Mini-batch stochastic gradient descent:
- Shuffle the training data randomly
- Divide into small batches (e.g., 32 examples per batch)
- For each batch:
- Compute gradients for all examples in the batch
- Average the gradients across the batch
- Update parameters using the averaged gradient
- Repeat for many epochs3
Key insights
- Neural networks excel when the data has many features and complex relationships between them (e.g., images, text, customer behavior, financial markets).
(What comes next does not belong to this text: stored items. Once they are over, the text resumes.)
(* Let $g$ be a continuous $g$-function on $X=A^{\mathbb{N}}$ and let $\mu$ be a compatible $g$-measure. For each $\ell\in\mathbb{N}$ let $\mu_\ell$ be the canonical $\ell$-step Markov approximation to $\mu$. Then $\mu_\ell\to\mu$ as $\ell\to\infty$ in the projective distance $\rho$; moreover \[ \rho(\mu_\ell,\mu)\le \operatorname{var}_\ell(\log\circ g)\quad\text{for all }\ell\in\mathbb{N}. \]
   Context: $A$ is a finite alphabet, $X=A^{\mathbb{N}}$ with product topology, $T$ the left shift, $\pmb{x}_n^m=x_nx_{n+1}\cdots x_m$, and $[\pmb{a}]=\{\pmb{x}: \pmb{x}_1^n=\pmb{a}\}$ for $\pmb{a}\in A^n$. $\mathcal{M}^+(X)$ is the set of Borel probability measures giving positive mass to every cylinder. Projective distance: $\rho(\mu,\nu)=\sup_{n}\max_{\pmb{a}\in A^n}\frac1n|\log(\mu[\pmb{a}]/\nu[\pmb{a}])|$. A $g$-function is a Borel function $g:X\to(0,1)$ with $\sum_{a\in A}g(a x_2x_3\cdots)=1$ for all $\pmb{x}\in X$. A compatible $g$-measure is a $T$-invariant $\mu\in\mathcal{M}^+(X)$ such that $\lim_{n\to\infty}\mu[a_1\pmb{a}_2^n]/\mu[\pmb{a}_2^n]=g(\pmb{a})$ for all $\pmb{a}\in X$. The canonical $\ell$-step Markov approximation $\mu_\ell$ is the measure with $\mu_\ell[\pmb{a}_1^n]=\mu[\pmb{a}_1^n]$ for $n\le \ell$ and $\mu_\ell[\pmb{a}_1^n]=\mu[\pmb{a}_1^\ell]\prod_{j=1}^{n-\ell}\mu[\pmb{a}_j^{j+\ell}]/\mu[\pmb{a}_j^{j+\ell-1}]$ for $n\ge\ell$. For $\phi:X\to\mathbb{R}$, $\operatorname{var}_\ell\phi=\max_{\pmb{a}\in A^\ell}\{\sup_{\pmb{x}\in[\pmb{a}]}\phi(\pmb{x})-\inf_{\pmb{x}\in[\pmb{a}]}\phi(\pmb{x})\}$. *)

theory Defs
  imports "HOL-Probability.Probability"
begin

text \<open>The alphabet A is a finite type 'a; X = A^N is the type nat => 'a
  (coordinate i of the sequence is x i, the paper's x_{i+1}).\<close>

definition topX :: "(nat \<Rightarrow> 'a) topology" where
  "topX = product_topology (\<lambda>_. discrete_topology (UNIV :: 'a set)) UNIV"

definition borelX :: "(nat \<Rightarrow> 'a) measure" where
  "borelX = sigma UNIV {S. openin topX S}"

definition shiftX :: "(nat \<Rightarrow> 'a) \<Rightarrow> (nat \<Rightarrow> 'a)" where
  "shiftX x = (\<lambda>i. x (Suc i))"

definition sconsX :: "'a \<Rightarrow> (nat \<Rightarrow> 'a) \<Rightarrow> (nat \<Rightarrow> 'a)" where
  "sconsX a x = (\<lambda>i. if i = 0 then a else x (i - 1))"

definition cyl :: "'a list \<Rightarrow> (nat \<Rightarrow> 'a) set" where
  "cyl w = {x. \<forall>i<length w. x i = w ! i}"

text \<open>The initial word x_{m+1} ... x_n (0-based: positions m..n-1).\<close>
definition word :: "(nat \<Rightarrow> 'a) \<Rightarrow> nat \<Rightarrow> nat \<Rightarrow> 'a list" where
  "word x m n = map x [m..<n]"

definition Mplus :: "(nat \<Rightarrow> 'a) measure set" where
  "Mplus = {\<mu>. prob_space \<mu> \<and> sets \<mu> = sets borelX \<and> (\<forall>w. measure \<mu> (cyl w) > 0)}"

definition shift_invariant :: "(nat \<Rightarrow> 'a) measure \<Rightarrow> bool" where
  "shift_invariant \<mu> \<longleftrightarrow> (\<forall>S \<in> sets \<mu>. emeasure \<mu> (shiftX -` S) = emeasure \<mu> S)"

text \<open>Projective distance (possibly infinite, hence ereal).\<close>
definition proj_dist :: "(nat \<Rightarrow> 'a) measure \<Rightarrow> (nat \<Rightarrow> 'a) measure \<Rightarrow> ereal" where
  "proj_dist \<mu> \<nu> = (SUP n \<in> {1..}. ereal (Max {\<bar>ln (measure \<mu> (cyl w) / measure \<nu> (cyl w))\<bar> / real n
                                                | w :: 'a list. length w = n}))"

definition g_function :: "((nat \<Rightarrow> 'a::finite) \<Rightarrow> real) \<Rightarrow> bool" where
  "g_function g \<longleftrightarrow> g \<in> borel_measurable borelX \<and> (\<forall>x. 0 < g x \<and> g x < 1)
     \<and> (\<forall>x. (\<Sum>a\<in>UNIV. g (sconsX a (shiftX x))) = 1)"
(* Let $(X,\mathcal{A},p)$ be a standard Borel probability space. The assignments $e\mapsto\mathcal{I}_e$ and $\mathcal{B}\mapsto e_\mathcal{B}$ are mutually inverse order-preserving bijections between the partially ordered set of ($p$-a.s. classes of) measure-preserving $p$-a.s. idempotent Markov kernels on $(X,\mathcal{A},p)$ and the set of $p$-complete sub-$\sigma$-algebras of $\mathcal{A}$ ordered by inclusion.
   Context: Kernels are identified up to $p$-a.s. equality, with composition $(\ell\circ k)(C\mid x)=\int\ell(C\mid y)k(dy\mid x)$; $e$ is $p$-a.s. idempotent if $e\circ e=e$ a.s.; idempotents are ordered by $e_1\le e_2$ iff $e_1\circ e_2=e_2\circ e_1=e_1$ a.s. $\mathcal{I}_e=\{B\in\mathcal{A}: e(B\mid x)=1_B(x)$ for $p$-a.a. $x\}$. $e_\mathcal{B}(A\mid x)=\mathbb{P}[A\mid\mathcal{B}](x)$ (regular conditional probability). A sub-$\sigma$-algebra $\mathcal{B}\subseteq\mathcal{A}$ is $p$-complete if it contains every $A\in\mathcal{A}$ with $p(A)=0$. *)

theory Defs
  imports "HOL-Probability.Probability"
begin

definition standard_borel :: "'a measure \<Rightarrow> bool" where
  "standard_borel M \<longleftrightarrow>
     (\<exists>T. topspace T = space M \<and> completely_metrizable_space T \<and> separable_space T \<and>
          sets M = sigma_sets (space M) {U. openin T U})"

definition markov_kernel :: "'a measure \<Rightarrow> ('a \<Rightarrow> 'a measure) \<Rightarrow> bool" where
  "markov_kernel M k \<longleftrightarrow> k \<in> M \<rightarrow>\<^sub>M prob_algebra M"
- Neural networks can find patterns in this complexity that would be impossible to detect manually or with simpler algorithms.
- Neural networks are remarkably robust to noisy, imperfect data (e.g., missing values, measurement errors, outliers) because they learn statistical patterns rather than requiring perfect data.
- Neural networks often improve with more data, unlike many traditional methods that plateau.
- Business environments change constantly. Neural networks can be retrained on new data to.
Transformers
From images to language
The challenge
Key differences between images and text:
- Images has fixed size (e.g., 28×28 pixels) and spatial relationships matter
- Text has variable length, sequential relationships matter, and context is crucial
- Word meaning depends heavily on surrounding words
- “The bank was flooded” vs “I went to the bank”
- “model” in “machine learning model” vs “fashion model”
We need architectures designed specifically for sequential data with long-range dependencies.
Standard neural networks, like our digit classifier, have limitations for language:
- Fixed Input Size: Traditional networks expect fixed-size inputs, but sentences have varying lengths
- No Sequential Understanding: Standard networks treat input positions independently - they can’t understand that word order matters
- No Long-Range Dependencies: Information from early in a sentence might be crucial for understanding words much later
Early attempts to solve this included:
- Recurrent Neural Networks (RNNs): Process sequences one word at a time, but suffer from vanishing gradients for long sequences
- Convolutional Networks: Good for local patterns but struggle with long-range dependencies
- LSTM/GRU: Better than RNNs but still fundamentally sequential and slow to train
The breakthrough came with Transformers (Vaswani et al. 2017), which solved these problems through a fundamentally different approach: attention mechanisms that allow every word to directly interact with every other word in the sequence.
What is a Transformer?
A transformer is a neural network architecture specifically designed for processing sequences.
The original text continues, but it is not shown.